Classhopper Set

Fine-Tuning GPT OSS 120B for Coding Tasks Using the HUD Reinforcement Learning Platform

Reinforcement LearningCode GenerationHUD PlatformGRPO

We used HUD's RL platform to fine-tune GPT OSS 120B on 100 real-world bug-fixing tasks built from a production codebase. Training with GRPO yielded a +13% improvement (Best@10 runs), and fewer steps per task.

1. Environment Creation

We started with Classhopper, one of our older production apps. It's an Airbnb-style service for discovering and booking classes near you. The codebase was pre-AI era: functional, deployed, but messy. Perfect for realistic coding challenges.

We merged frontend and backend into a single monorepo, verified builds and tests passed, and confirmed it was stable enough for automated evaluation.

We then connected it using HUD's coding environment template. The template handles the heavy lifting of environment creation — it ships with a Dockerfile, a grading harness, and a task runner, so you don't need to build any of that infrastructure yourself.
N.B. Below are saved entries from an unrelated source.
theorem lemma1:
  fixes X :: "'a::metric_space set" and f :: "'a \<Rightarrow> 'a" and Xs :: "nat \<Rightarrow> 'a set"
    and N :: nat and lam :: real
  assumes "piecewise_contracting X f Xs N lam"
    and "disc_set X Xs N = {} \<or> setdist (attractor X f Xs N) (disc_set X Xs N) \<noteq> 0"
  shows "\<exists>n0\<ge>1. \<forall>n\<ge>n0. \<forall>A. is_atom X f Xs N n A \<longrightarrow> (\<exists>i\<in>{1..N}. A \<subseteq> Xs i)"
proof -
  define D where "D = disc_set X Xs N"
  define \<Lambda> where "\<Lambda> = Lambda_n X f Xs N"
  have X: "compact X" "f ` X \<subseteq> X" "N \<ge> 2" "0 \<le> lam" "lam < 1"
    and pieces: "\<And>i. i \<in> {1..N} \<Longrightarrow> openin (top_of_set X) (Xs i)"
    and contr: "\<And>i x y. i \<in> {1..N} \<Longrightarrow> x \<in> Xs i \<Longrightarrow> y \<in> Xs i \<Longrightarrow> dist (f x) (f y) \<le> lam * dist x y"
    using assms(1) unfolding piecewise_contracting_def by auto
  have \<Lambda>: "decseq \<Lambda>" "\<And>n. compact (\<Lambda> n)" "\<And>n. \<Lambda> n \<subseteq> X"
    unfolding \<Lambda>_def using X(1,2) compact_imp_closed[OF X(1)]
    by (simp_all add: compact_Lambda_n decseq_Lambda_n Lambda_n_subset)
  have "(\<Inter>n. \<Lambda> n) \<subseteq> attractor X f Xs N"
    unfolding \<Lambda>_def attractor_def by blast
  then have "(\<Inter>n. \<Lambda> n) \<inter> closure D = {}"
    using assms(2) setdist_nonzero_imp_disjoint_closure[of "attractor X f Xs N" D]
    unfolding D_def by auto
  then obtain n1 where "\<Lambda> n1 \<inter> D = {}"
    using decseq_compact_eventually_disjoint[OF \<Lambda>(1,2)] by blast
  then have cover: "\<Lambda> n1 \<subseteq> (\<Union>i\<in>{1..N}. Xs i)"
    using \<Lambda>(3) unfolding D_def disc_set_def by blast
  have "{1..N} \<noteq> {}"
    using X(3) by simp
  then obtain e where "0 < e"
    and e: "\<And>T. T \<subseteq> \<Lambda> n1 \<Longrightarrow> diameter T < e \<Longrightarrow> \<exists>i\<in>{1..N}. T \<subseteq> Xs i"
    using Lebesgue_number_lemma_openin[OF \<Lambda>(2,3) _ cover pieces] by blast
  have lim: "(\<lambda>n. lam ^ n * diameter X) \<longlonglongrightarrow> 0"
    using X(4,5) by (intro tendsto_mult_left_zero LIMSEQ_power_zero) simp
  obtain n2 where n2: "\<And>n. n \<ge> n2 \<Longrightarrow> lam ^ n * diameter X < e"
    using order_tendstoD(2)[OF lim \<open>0 < e\<close>] unfolding eventually_sequentially by blast
  have "\<exists>i\<in>{1..N}. A \<subseteq> Xs i" if n: "n \<ge> max n1 n2" and atom: "is_atom X f Xs N n A" for n A
  proof (rule e)
    show "A \<subseteq> \<Lambda> n1"
      using atom_subset_Lambda_n[OF atom] decseqD[OF \<Lambda>(1), of n1 n] n
      unfolding \<Lambda>_def by auto
    obtain "is" where "is": "length is = n" "set is \<subseteq> {1..N}" and A: "A = Fmap_iter f Xs X is"
      using atom unfolding is_atom_iff by blast
    have "diameter A \<le> lam ^ n * diameter X"
      unfolding A "is"(1)[symmetric]
      using compact_imp_bounded[OF X(1)] compact_imp_closed[OF X(1)] X(2,4) contr "is"(2)
      by (intro diameter_Fmap_iter_le[OF order_refl]) auto
    also have "\<dots> < e"
      using n2 n by simp
    finally show "diameter A < e" .
  qed
  then show ?thesis
    by (intro exI[of _ "max 1 (max n1 n2)"]) auto
qed

end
Out of the box, it gives the agent two built-in tools: a bash tool for running shell commands, and an editor tool for viewing, creating, and editing files. These are the only tools the agent gets: no web access, no special APIs, just a terminal and a file editor — the same primitives a human developer would use.
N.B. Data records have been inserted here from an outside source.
(* Let $\sigma$ be a term ordering on $\mathbb{T}^n$, let $F\subseteq\mathbb{Q}[x_1,\dots,x_n]$ be a set of non-zero polynomials, and let $G_\sigma$ be the reduced $\sigma$-Gröbner basis of the ideal $\langle F\rangle$. Then a prime number $p$ is $\sigma$-Pauer-lucky for $\operatorname{prim}(G_\sigma)$ if and only if $p$ is $\sigma$-good for $\langle F\rangle$.
   Context: $\mathbb{T}^n$ is the monoid of power-products in $x_1,\dots,x_n$; $\mathrm{LC}_\sigma$, $\mathrm{LM}_\sigma$ denote leading coefficient and leading monomial. For $f\in\mathbb{Q}[x_1,\dots,x_n]$, $\operatorname{den}(f)$ is the positive lcm of the denominators of its coefficients; $\operatorname{den}(G)$ is the lcm of $\operatorname{den}(g)$, $g\in G$. A prime $p$ is $\sigma$-good for an ideal $I$ with reduced $\sigma$-Gröbner basis $G_\sigma$ if $p\nmid\operatorname{den}(G_\sigma)$. For non-zero $f$, with $c$ the integer content of $f\cdot\operatorname{den}(f)$, $\operatorname{prim}(f)=c^{-1}f\cdot\operatorname{den}(f)\in\mathbb{Z}[x_1,\dots,x_n]$ and $\operatorname{prim}(G)=\{\operatorname{prim}(g):g\in G\}$. Non-zero $g_1,\dots,g_s\in\mathbb{Z}[x_1,\dots,x_n]$ form a strong $\sigma$-Gröbner basis of $\langle g_1,\dots,g_s\rangle$ if for every non-zero $f$ in this ideal some $\mathrm{LM}_\sigma(g_i)$ divides $\mathrm{LM}_\sigma(f)$; it is minimal if moreover $\mathrm{LM}_\sigma(g_i)\nmid\mathrm{LM}_\sigma(g_j)$ for $i\neq j$. Given a set $F'$ of non-zero polynomials in $\mathbb{Z}[x_1,\dots,x_n]$ and a minimal strong $\sigma$-Gröbner basis $\tilde G$ of $\langle F'\rangle\subseteq\mathbb{Z}[x_1,\dots,x_n]$, a prime $p$ is $\sigma$-Pauer-lucky for $F'$ if $p$ divides the leading coefficient of no polynomial in $\tilde G$ (this does not depend on the choice of $\tilde G$). *)

theory Defs
  imports Complex_Main "HOL-Library.Poly_Mapping" "HOL-Computational_Algebra.Primes"
begin

type_synonym pp = "nat \<Rightarrow>\<^sub>0 nat"
type_synonym 'a mpoly = "pp \<Rightarrow>\<^sub>0 'a"

text \<open>The monoid T^n of power-products in x_1..x_n (here indexed 0..n-1).\<close>
definition PP :: "nat \<Rightarrow> pp set" where
  "PP n = {t. Poly_Mapping.keys t \<subseteq> {..<n}}"

definition polys :: "nat \<Rightarrow> ('a::zero) mpoly set" where
  "polys n = {f. Poly_Mapping.keys f \<subseteq> PP n}"

definition pp_dvd :: "pp \<Rightarrow> pp \<Rightarrow> bool" where
  "pp_dvd s t \<longleftrightarrow> (\<forall>i. Poly_Mapping.lookup s i \<le> Poly_Mapping.lookup t i)"

text \<open>A term ordering on T^n (ord s t means s \<le> t): a total order, compatible with
  multiplication, with 1 the least element.\<close>
definition term_order :: "nat \<Rightarrow> (pp \<Rightarrow> pp \<Rightarrow> bool) \<Rightarrow> bool" where
  "term_order n ord \<longleftrightarrow>
     (\<forall>t\<in>PP n. ord t t) \<and>
     (\<forall>s\<in>PP n. \<forall>t\<in>PP n. ord s t \<and> ord t s \<longrightarrow> s = t) \<and>
     (\<forall>s\<in>PP n. \<forall>t\<in>PP n. \<forall>u\<in>PP n. ord s t \<and> ord t u \<longrightarrow> ord s u) \<and>
     (\<forall>s\<in>PP n. \<forall>t\<in>PP n. ord s t \<or> ord t s) \<and>
     (\<forall>s\<in>PP n. \<forall>t\<in>PP n. \<forall>u\<in>PP n. ord s t \<longrightarrow> ord (s + u) (t + u)) \<and>
     (\<forall>t\<in>PP n. ord 0 t)"

definition lt :: "(pp \<Rightarrow> pp \<Rightarrow> bool) \<Rightarrow> ('a::zero) mpoly \<Rightarrow> pp" where
  "lt ord f = (THE t. t \<in> Poly_Mapping.keys f \<and> (\<forall>s\<in>Poly_Mapping.keys f. ord s t))"

definition lc :: "(pp \<Rightarrow> pp \<Rightarrow> bool) \<Rightarrow> ('a::zero) mpoly \<Rightarrow> 'a" where
  "lc ord f = Poly_Mapping.lookup f (lt ord f)"

definition lm_dvd :: "(pp \<Rightarrow> pp \<Rightarrow> bool) \<Rightarrow> ('a::comm_semiring_1) mpoly \<Rightarrow> 'a mpoly \<Rightarrow> bool" where
  "lm_dvd ord g f \<longleftrightarrow> lc ord g dvd lc ord f \<and> pp_dvd (lt ord g) (lt ord f)"

inductive_set ideal_gen :: "nat \<Rightarrow> ('a::comm_ring_1) mpoly set \<Rightarrow> 'a mpoly set"
  for n F where
  zero: "0 \<in> ideal_gen n F"
| step: "a \<in> ideal_gen n F \<Longrightarrow> h \<in> polys n \<Longrightarrow> f \<in> F \<Longrightarrow> a + h * f \<in> ideal_gen n F"

definition strong_GB :: "nat \<Rightarrow> (pp \<Rightarrow> pp \<Rightarrow> bool) \<Rightarrow> ('a::comm_ring_1) mpoly set \<Rightarrow> 'a mpoly set \<Rightarrow> bool" where
  "strong_GB n ord G I \<longleftrightarrow> finite G \<and> 0 \<notin> G \<and> G \<subseteq> polys n \<and> ideal_gen n G = I \<and>
     (\<forall>f\<in>I. f \<noteq> 0 \<longrightarrow> (\<exists>g\<in>G. lm_dvd ord g f))"

definition minimal_strong_GB :: "nat \<Rightarrow> (pp \<Rightarrow> pp \<Rightarrow> bool) \<Rightarrow> ('a::comm_ring_1) mpoly set \<Rightarrow> 'a mpoly set \<Rightarrow> bool" where
  "minimal_strong_GB n ord G I \<longleftrightarrow> strong_GB n ord G I \<and>
     (\<forall>g\<in>G. \<forall>g'\<in>G. g \<noteq> g' \<longrightarrow> \<not> lm_dvd ord g g')"

definition reduced_GB :: "nat \<Rightarrow> (pp \<Rightarrow> pp \<Rightarrow> bool) \<Rightarrow> ('a::field) mpoly set \<Rightarrow> 'a mpoly set \<Rightarrow> bool" where
  "reduced_GB n ord G I \<longleftrightarrow> strong_GB n ord G I \<and> (\<forall>g\<in>G. lc ord g = 1) \<and>
     (\<forall>g\<in>G. \<forall>g'\<in>G. g \<noteq> g' \<longrightarrow> (\<forall>t\<in>Poly_Mapping.keys g. \<not> pp_dvd (lt ord g') t))"

definition den :: "rat mpoly \<Rightarrow> int" where
  "den f = Lcm ((\<lambda>t. snd (quotient_of (Poly_Mapping.lookup f t))) ` Poly_Mapping.keys f)"

definition den_set :: "rat mpoly set \<Rightarrow> int" where
  "den_set G = Lcm (den ` G)"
To connect our codebase, we forked the template and set the REPO_URL build argument in the Dockerfile to point at our Classhopper monorepo. The template clones this repo into the container at build time and wires it into the task runner automatically.

2. Task Creation

Branch Structure

HUD uses a three-branch structure per task ("scenario"), based on their coding template:

  • Baseline: The buggy code the agent starts with.
  • Test: Tests that check the fix and catch regressions.
  • Golden: The correct working code. We mostly kept the original source, cleaning it up where needed.

Bug Design

We built 25 initial bugs across frontend-only, backend-only, and cross-stack categories at easy, medium, and hard difficulties. We then injected these bugs into the code base.

Example bug prompt

"You will be working on a task for project. The repository has already been cloned in /home/ubuntu/project."
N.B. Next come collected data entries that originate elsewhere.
lemma knowledge_initial_product:
  assumes M: "knowledge_initial (worlds M) (rel M) (yrel M)"
  shows "knowledge_initial (worlds (product M U)) (rel (product M U)) (yrel (product M U))"
  unfolding knowledge_initial_def
proof (intro allI impI, elim conjE)
  fix a x y assume xy: "rel (product M U) a x y"
    and initial: "\<not> (\<exists>x'\<in>worlds (product M U). yrel (product M U) x' x)"
  obtain w s where x: "x = (w, s)" by fastforce
  obtain v t where y: "y = (v, t)" by fastforce
  have x_in: "(w, s) \<in> worlds (product M U)" and "rel M a w v" "arel U a s t"
    and "w \<in> worlds M" "v \<in> worlds M"
    using xy by (simp_all add: rel_product x y mem_worlds_product)
  have "past_state (ayrel U) s"
    using event_yesterday_in_product[OF x_in] initial unfolding past_state_def x by blast
  have "\<not> (\<exists>w'\<in>worlds M. yrel M w' w)"
    using world_yesterday_in_product[OF x_in \<open>past_state (ayrel U) s\<close>] initial x by blast
  then have "\<not> (\<exists>v'\<in>worlds M. yrel M v' v)"
    using M \<open>rel M a w v\<close> \<open>w \<in> worlds M\<close> \<open>v \<in> worlds M\<close>
    unfolding knowledge_initial_def by blast
  moreover have "t = s"
    using arel_from_past_state[OF \<open>past_state (ayrel U) s\<close>] \<open>arel U a s t\<close> x_in
    by (simp add: mem_worlds_product)
  ultimately show "\<not> (\<exists>y'\<in>worlds (product M U). yrel (product M U) y' y)"
    using \<open>past_state (ayrel U) s\<close> kripke_yrel_in_worlds[OF kripke]
    by (simp add: y yrel_product_past) blast
qed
Use the tools provided to complete the following task:

Fix the course visibility toggle bug in the Classhopper backend.

The "make all courses visible" endpoint for instructors does the opposite of what it should. After calling PUT /instructors/{id}/courses/visible, all courses become hidden instead of visible.

You MUST edit the relevant file(s) to fix the bug. Do not just describe the fix."

Test Design & Reward Signal

Each bug got tests for the fix itself plus adjacent areas to catch regressions. Reward is binary: pass all tests or fail the task. No partial credit. Binary rewards give the strongest training signal since the model can't get away with partial fixes.

3. Task Validation

Early mistake: we jumped straight to running agents without verifying the HUD build config was correct. Tasks that look fine locally can silently break when config doesn't apply tests properly.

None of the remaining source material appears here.